# What is excelsior used for outside the hobby,



## nasty bugger (Dec 30, 2008)

and where could I get it locally? Or more to, what kind of business would have it that I could get it from.

I was up on the mountain for Christmas, and my dad has some aspen logs, but I didn't think to bring one home.


----------



## kamakiri (Dec 30, 2008)

I got mine from a craft store (Michael's). Girl at the store said she didn't have any...I figured they would, so I found it myself!


----------



## nasty bugger (Dec 30, 2008)

That's what I thought. I called a hobby shop, and she said they didn't carry it, but to go to some shipping place, but I thought it was used for some kind or hobby or craft.

Thanks.


----------



## yen_saw (Dec 31, 2008)

Hobby Lobby and Walmart carry them too. Most of the time they are used for decoration on fake plants and also used in gift basket.


----------



## Rick (Dec 31, 2008)

I bought a huge bag years ago and have barely even touched it. Just don't find it that useful in the hobby.


----------



## kamakiri (Jan 1, 2009)

Originally, I think was used to stuff stuffed animals. Steiff bears and such. Probably also for old furniture...before we had metal springs and polyester batt.


----------



## nasty bugger (Jan 2, 2009)

I've been using the coffee filter's in my ff cultures, but it looks like it could collapse easily and cover the culture and keep the ff's from the food and culture, so I want to try the excelsior, but that may be a waste also, but I'll see. It should be inexpensive enough to try.

Thanks


----------



## Rick (Jan 2, 2009)

nasty bugger said:


> I've been using the coffee filter's in my ff cultures, but it looks like it could collapse easily and cover the culture and keep the ff's from the food and culture, so I want to try the excelsior, but that may be a waste also, but I'll see. It should be inexpensive enough to try.Thanks


I have the same results by using nothing at all however I do like that plastic screen looking stuff.


----------



## damizz (Jan 2, 2009)

nasty bugger said:


> I've been using the coffee filter's in my ff cultures, but it looks like it could collapse easily and cover the culture and keep the ff's from the food and culture, so I want to try the excelsior, but that may be a waste also, but I'll see. It should be inexpensive enough to try.Thanks


I have tried so many different items in my FF cultures it isn't even funny. Many people I know swear by excelsior but I have found that taking 3-5 coffee filters and fold them over onto themselves 3 times to form a cone and then snip the closed end off with scissors. I find that this allows the maggots to crawl up the middle of the filters and I have probably 50% better yields with this method over excelsior. I also have never had problems with the filters collapsing over, just make sure your culture isn't too moist.


----------



## Katnapper (Jan 2, 2009)

damizz said:


> I have tried so many different items in my FF cultures it isn't even funny. Many people I know swear by excelsior but I have found that taking 3-5 coffee filters and fold them over onto themselves 3 times to form a cone and then snip the closed end off with scissors. I find that this allows the maggots to crawl up the middle of the filters and I have probably 50% better yields with this method over excelsior. I also have never had problems with the filters collapsing over, just make sure your culture isn't too moist.

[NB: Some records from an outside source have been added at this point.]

lemma integrand_bounded_near_zero:
  obtains c M where "c > 0"
    "\<And>u. u \<in> {0<..c} \<Longrightarrow> f u > 0"
    "\<And>u. u \<in> {0..c} \<Longrightarrow> \<bar>1 / f u - 1 / (a * u)\<bar> \<le> M"
proof -
  obtain B where B: "B > 0" "\<And>u. u \<ge> 0 \<Longrightarrow> \<bar>f u - a * u\<bar> \<le> B * u\<^sup>2"
    using f_quadratic_bound by blast
  define c where "c = a / (2 * B)"
  have f_half: "f u \<ge> a * u / 2" if u: "u \<in> {0..c}" for u
  proof -
    have "B * u \<le> a / 2" using u B(1) by (auto simp: c_def field_simps)
    then have "B * u * u \<le> a / 2 * u" by (rule mult_right_mono) (use u in auto)
    then show ?thesis using B(2)[of u] u by (simp add: power2_eq_square abs_le_iff)
  qed
  have "\<bar>1 / f u - 1 / (a * u)\<bar> \<le> 2 * B / a\<^sup>2" if u: "u \<in> {0..c}" for u
  proof (cases "u = 0")
    case True then show ?thesis using f0 B(1) by simp
  next
    case False
    then have u0: "u > 0" using u by simp
    have fu_ge: "f u \<ge> a * u / 2" using f_half[OF u] .
    have "a * u / 2 > 0" using u0 a_pos by simp
    then have fu: "f u > 0" using fu_ge by linarith
    have "\<bar>1 / f u - 1 / (a * u)\<bar> = \<bar>f u - a * u\<bar> / (a * u * f u)"
      using fu u0 a_pos by (simp add: field_simps abs_divide abs_minus_commute)
    also have "\<dots> \<le> B * u\<^sup>2 / (a * u * (a * u / 2))"
    proof (rule frac_le)
      show "\<bar>f u - a * u\<bar> \<le> B * u\<^sup>2" using B(2) u0 by simp
      show "a * u * (a * u / 2) \<le> a * u * f u" using fu_ge u0 a_pos by simp
    qed (use B(1) u0 a_pos in auto)
    also have "\<dots> = 2 * B / a\<^sup>2" using u0 a_pos by (simp add: power2_eq_square)
    finally show ?thesis .
  qed
  moreover have "f u > 0" if u: "u \<in> {0<..c}" for u
  proof -
    have "a * u / 2 > 0" using u a_pos by simp
    then show ?thesis using f_half[of u] u by simp
  qed
  moreover have "c > 0" using B(1) a_pos by (simp add: c_def)
  ultimately show ?thesis using that by blast
qed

Hey damizz, thanks for the idea. I recently bought some coffee filters at the Dollar Store to try out in my ff cultures, and am planning on making some up today.

Question... After you cut the closed end of the coned filters, do you stick that cut off end down into the media? That's what I'm assuming... but I'd like to know if this is what you do for sure. Thanks!


----------



## damizz (Jan 2, 2009)

Katnapper said:


> Question... After you cut the closed end of the coned filters, do you stick that cut off end down into the media? That's what I'm assuming... but I'd like to know if this is what you do for sure. Thanks!


Yep, I guess I left that part out


----------



## Katnapper (Jan 2, 2009)

damizz said:


> Yep, I guess I left that part out


Thanks!


----------



## Katnapper (Jan 5, 2009)

Damizz, I used your method with the coffee filters when I made my latest batch of cultures. But I did alter the configuration slightly by using 4 layers, and adding 5 or 6 Popsicle sticks between them at various intervals. I thought it might prevent any collapsing issue by adding some support; But mainly to kind of separate the layers and provide space and a means by which the maggots can come up from the media on to the internal layers. I also thought they might help keep the filters tacked down into the media, so they wouldn't fall out when I turned the culture upside down and tapped. They add additional surface area too, and I notice the ff's like to perch on them.

I guess I'll see how it goees... but I'm optimistic.  Thanks again for the idea. I'd heard of using coffee filters, but wasn't sure how to arrange them in the cups before you explained how you did it. They sure are a very cost effective alternative to excelsior!


----------